BEGIN RECORDS
lemma card_faces_between:
  assumes K: "simplicial_complex K" and "\<sigma> \<in> K" "\<rho> \<subseteq> \<sigma>" "card \<sigma> = card \<rho> + 2"
  shows "card {\<tau> \<in> K. \<rho> \<subset> \<tau> \<and> \<tau> \<subset> \<sigma> \<and> card \<tau> = card \<rho> + 1} = 2"
proof -
  have "finite \<rho>"
    using simplicial_complex_finite_simplex[OF K \<open>\<sigma> \<in> K\<close>] \<open>\<rho> \<subseteq> \<sigma>\<close> finite_subset by blast
  have "{\<tau> \<in> K. \<rho> \<subset> \<tau> \<and> \<tau> \<subset> \<sigma> \<and> card \<tau> = card \<rho> + 1} = (\<lambda>x. insert x \<rho>) ` (\<sigma> - \<rho>)"
  proof (intro equalityI subsetI)
    fix \<tau> assume \<tau>: "\<tau> \<in> {\<tau> \<in> K. \<rho> \<subset> \<tau> \<and> \<tau> \<subset> \<sigma> \<and> card \<tau> = card \<rho> + 1}"
    then have "card (\<tau> - \<rho>) = 1"
      using \<open>finite \<rho>\<close> card_Diff_subset[of \<rho> \<tau>] by auto
    then obtain x where "\<tau> - \<rho> = {x}"
      by (auto simp: card_1_singleton_iff)
    then have "\<tau> = insert x \<rho>" "x \<in> \<sigma> - \<rho>"
      using \<tau> by auto
    then show "\<tau> \<in> (\<lambda>x. insert x \<rho>) ` (\<sigma> - \<rho>)"
      by blast
  next
    fix \<tau> assume "\<tau> \<in> (\<lambda>x. insert x \<rho>) ` (\<sigma> - \<rho>)"
    then obtain x where x: "x \<in> \<sigma>" "x \<notin> \<rho>" and \<tau>: "\<tau> = insert x \<rho>"
      by blast
    have "card \<tau> = card \<rho> + 1"
      using x \<tau> \<open>finite \<rho>\<close> by simp
    moreover have "\<tau> \<subseteq> \<sigma>"
      using x \<tau> \<open>\<rho> \<subseteq> \<sigma>\<close> by blast
    moreover have "\<tau> \<in> K"
      using simplicial_complex_face[OF K \<open>\<sigma> \<in> K\<close> \<open>\<tau> \<subseteq> \<sigma>\<close>] \<tau> by blast
    ultimately show "\<tau> \<in> {\<tau> \<in> K. \<rho> \<subset> \<tau> \<and> \<tau> \<subset> \<sigma> \<and> card \<tau> = card \<rho> + 1}"
      using x \<tau> \<open>card \<sigma> = card \<rho> + 2\<close> by auto
  qed
  moreover have "card ((\<lambda>x. insert x \<rho>) ` (\<sigma> - \<rho>)) = card (\<sigma> - \<rho>)"
    by (rule card_image) (auto simp: inj_on_def)
  ultimately show ?thesis
    using assms \<open>finite \<rho>\<close> by (simp add: card_Diff_subset)
qed

lemma lin_ext_bnd_bnd:
  assumes K: "simplicial_complex K" and "\<sigma> \<in> K"
  shows "lin_ext (bnd K) (bnd K \<sigma>) = {}"
proof -
  have "even (card {\<tau> \<in> bnd K \<sigma>. \<rho> \<in> bnd K \<tau>})" for \<rho>
  proof (cases "\<exists>\<tau> \<in> bnd K \<sigma>. \<rho> \<in> bnd K \<tau>")
    case True
    then have "\<rho> \<in> K" "\<rho> \<subseteq> \<sigma>" "card \<sigma> = card \<rho> + 2"
      by (auto simp: bnd_def)
    moreover have "{\<tau> \<in> bnd K \<sigma>. \<rho> \<in> bnd K \<tau>} = {\<tau> \<in> K. \<rho> \<subset> \<tau> \<and> \<tau> \<subset> \<sigma> \<and> card \<tau> = card \<rho> + 1}"
      using calculation by (auto simp: bnd_def)
    ultimately show ?thesis
      using card_faces_between[OF K \<open>\<sigma> \<in> K\<close>] by simp
  next
    case False
    then have "{\<tau> \<in> bnd K \<sigma>. \<rho> \<in> bnd K \<tau>} = {}"
      by blast
    then show ?thesis
      by (simp only: card.empty even_zero)
  qed
  then show ?thesis
    by (simp add: lin_ext_def)
qed

lemma lin_ext_cobnd_cobnd:
  assumes K: "simplicial_complex K" and "\<sigma> \<in> K"
  shows "lin_ext (cobnd K) (cobnd K \<sigma>) = {}"
proof -
  have "even (card {\<tau> \<in> cobnd K \<sigma>. \<rho> \<in> cobnd K \<tau>})" for \<rho>
  proof (cases "\<exists>\<tau> \<in> cobnd K \<sigma>. \<rho> \<in> cobnd K \<tau>")
    case True
    then have "\<rho> \<in> K" "\<sigma> \<subseteq> \<rho>" "card \<rho> = card \<sigma> + 2"
      by (auto simp: cobnd_def)
    moreover have "{\<tau> \<in> cobnd K \<sigma>. \<rho> \<in> cobnd K \<tau>} = {\<tau> \<in> K. \<sigma> \<subset> \<tau> \<and> \<tau> \<subset> \<rho> \<and> card \<tau> = card \<sigma> + 1}"
      using calculation by (auto simp: cobnd_def)
    ultimately show ?thesis
      using card_faces_between[OF K, of \<rho> \<sigma>] by simp
  next
    case False
    then have "{\<tau> \<in> cobnd K \<sigma>. \<rho> \<in> cobnd K \<tau>} = {}"
      by blast
    then show ?thesis
      by (simp only: card.empty even_zero)
  qed
  then show ?thesis
    by (simp add: lin_ext_def)
qed

lemma free_pair_card:
  assumes K: "simplicial_complex K" and "free_pair K \<sigma> \<tau>"
  shows "card \<tau> = card \<sigma> + 1"
proof -
  have "\<sigma> \<subset> \<tau>" "\<tau> \<in> K"
    using assms by (auto simp: free_pair_def)
  then obtain x where x: "x \<in> \<tau>" "x \<notin> \<sigma>"
    by blast
  have "insert x \<sigma> \<in> K"
    using simplicial_complex_face[OF K \<open>\<tau> \<in> K\<close>, of "insert x \<sigma>"] \<open>\<sigma> \<subset> \<tau>\<close> x by blast
  then have "\<tau> = insert x \<sigma>"
    using assms x unfolding free_pair_def by blast
  moreover have "finite \<tau>"
    using simplicial_complex_finite_simplex[OF K \<open>\<tau> \<in> K\<close>] .
  ultimately show ?thesis
    using x by simp
qed

section \<open>Reference maps of an acyclic matching\<close>

locale morse_matching =
  fixes K :: "'a set set" and d :: "'a set \<Rightarrow> 'a set set" and crit :: "'a set \<Rightarrow> bool"
    and M :: "'a set \<Rightarrow> 'a set \<Rightarrow> bool" and lvl :: "'a set \<Rightarrow> nat" and grade :: "'a set \<Rightarrow> nat"
  assumes finite_K: "finite K"
    and d_subset: "x \<in> K \<Longrightarrow> d x \<subseteq> K"
    and lin_ext_d_d: "x \<in> K \<Longrightarrow> lin_ext d (d x) = {}"
    and cell_cases: "x \<in> K \<Longrightarrow> crit x \<or> (\<exists>s. M x s) \<or> (\<exists>z. M z x)"
    and matched_in_K: "M z s \<Longrightarrow> z \<in> K"
    and matched_in_d: "M z s \<Longrightarrow> s \<in> d z"
    and lvl_less: "M z s \<Longrightarrow> y \<in> d z \<Longrightarrow> y \<noteq> s \<Longrightarrow> lvl y < lvl s"
    and grade_eq: "M z s \<Longrightarrow> y \<in> d z \<Longrightarrow> grade y = grade s"
    and matched_not_crit: "M z s \<Longrightarrow> \<not> crit z \<and> \<not> crit s"
    and matched_neq: "M z s \<Longrightarrow> z \<noteq> s"
    and matched_unique: "M z s \<Longrightarrow> M z' s' \<Longrightarrow> {z, s} \<inter> {z', s'} \<noteq> {} \<Longrightarrow> z = z' \<and> s = s'"
begin

definition is_reference :: "('a set \<Rightarrow> 'a set set) \<Rightarrow> bool" where
  "is_reference f \<longleftrightarrow>
     (\<forall>x. x \<notin> K \<longrightarrow> f x = {}) \<and>
     (\<forall>x\<in>K. f x \<subseteq> {y \<in> K. crit y \<and> grade y = grade x}) \<and>
     (\<forall>x\<in>K. crit x \<longrightarrow> f x = {x}) \<and>
     (\<forall>z\<in>K. (\<exists>s. M z s) \<longrightarrow> f z = {} \<and> lin_ext f (d z) = {})"

lemma finite_d: "x \<in> K \<Longrightarrow> finite (d x)"
  using d_subset finite_K finite_subset by blast

lemma the_matched_upper: "M z s \<Longrightarrow> (THE z. M z s) = z"
proof (rule the_equality)
  fix z' assume "M z s" "M z' s"
  then show "z' = z"
    using matched_unique[of z' s z s] by simp
qed

lemma upper_not_matched_lower: "M z s \<Longrightarrow> \<not> M z' z"
  using matched_unique[of z s z' z] matched_neq by auto

lemma is_reference_outside: "is_reference f \<Longrightarrow> x \<notin> K \<Longrightarrow> f x = {}"
  by (simp add: is_reference_def)

lemma is_reference_crit: "is_reference f \<Longrightarrow> x \<in> K \<Longrightarrow> crit x \<Longrightarrow> f x = {x}"
  by (simp add: is_reference_def)

lemma is_reference_matched_upper:
  assumes "is_reference f" "M z s"
  shows "f z = {}"
  using assms matched_in_K[OF assms(2)] by (auto simp: is_reference_def)

lemma is_reference_matched:
  assumes "is_reference f" "M z s"
  shows "f s = lin_ext f (d z - {s})"
proof -
  have "z \<in> K"
    using assms(2) by (rule matched_in_K)
  then have "lin_ext f (d z) = {}"
    using assms by (auto simp: is_reference_def)
  then show ?thesis
    using lin_ext_eq_empty_iff_remove[OF finite_d[OF \<open>z \<in> K\<close>] matched_in_d[OF assms(2)]] by simp
qed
END RECORDS
## BRIEF
Take the lines above from the first through the one containing "proof (intro equalityI subsetI)" and reproduce them exactly; include nothing else.

## OUTPUT FOR THIS TASK
lemma card_faces_between:
  assumes K: "simplicial_complex K" and "\<sigma> \<in> K" "\<rho> \<subseteq> \<sigma>" "card \<sigma> = card \<rho> + 2"
  shows "card {\<tau> \<in> K. \<rho> \<subset> \<tau> \<and> \<tau> \<subset> \<sigma> \<and> card \<tau> = card \<rho> + 1} = 2"
proof -
  have "finite \<rho>"
    using simplicial_complex_finite_simplex[OF K \<open>\<sigma> \<in> K\<close>] \<open>\<rho> \<subseteq> \<sigma>\<close> finite_subset by blast
  have "{\<tau> \<in> K. \<rho> \<subset> \<tau> \<and> \<tau> \<subset> \<sigma> \<and> card \<tau> = card \<rho> + 1} = (\<lambda>x. insert x \<rho>) ` (\<sigma> - \<rho>)"
  proof (intro equalityI subsetI)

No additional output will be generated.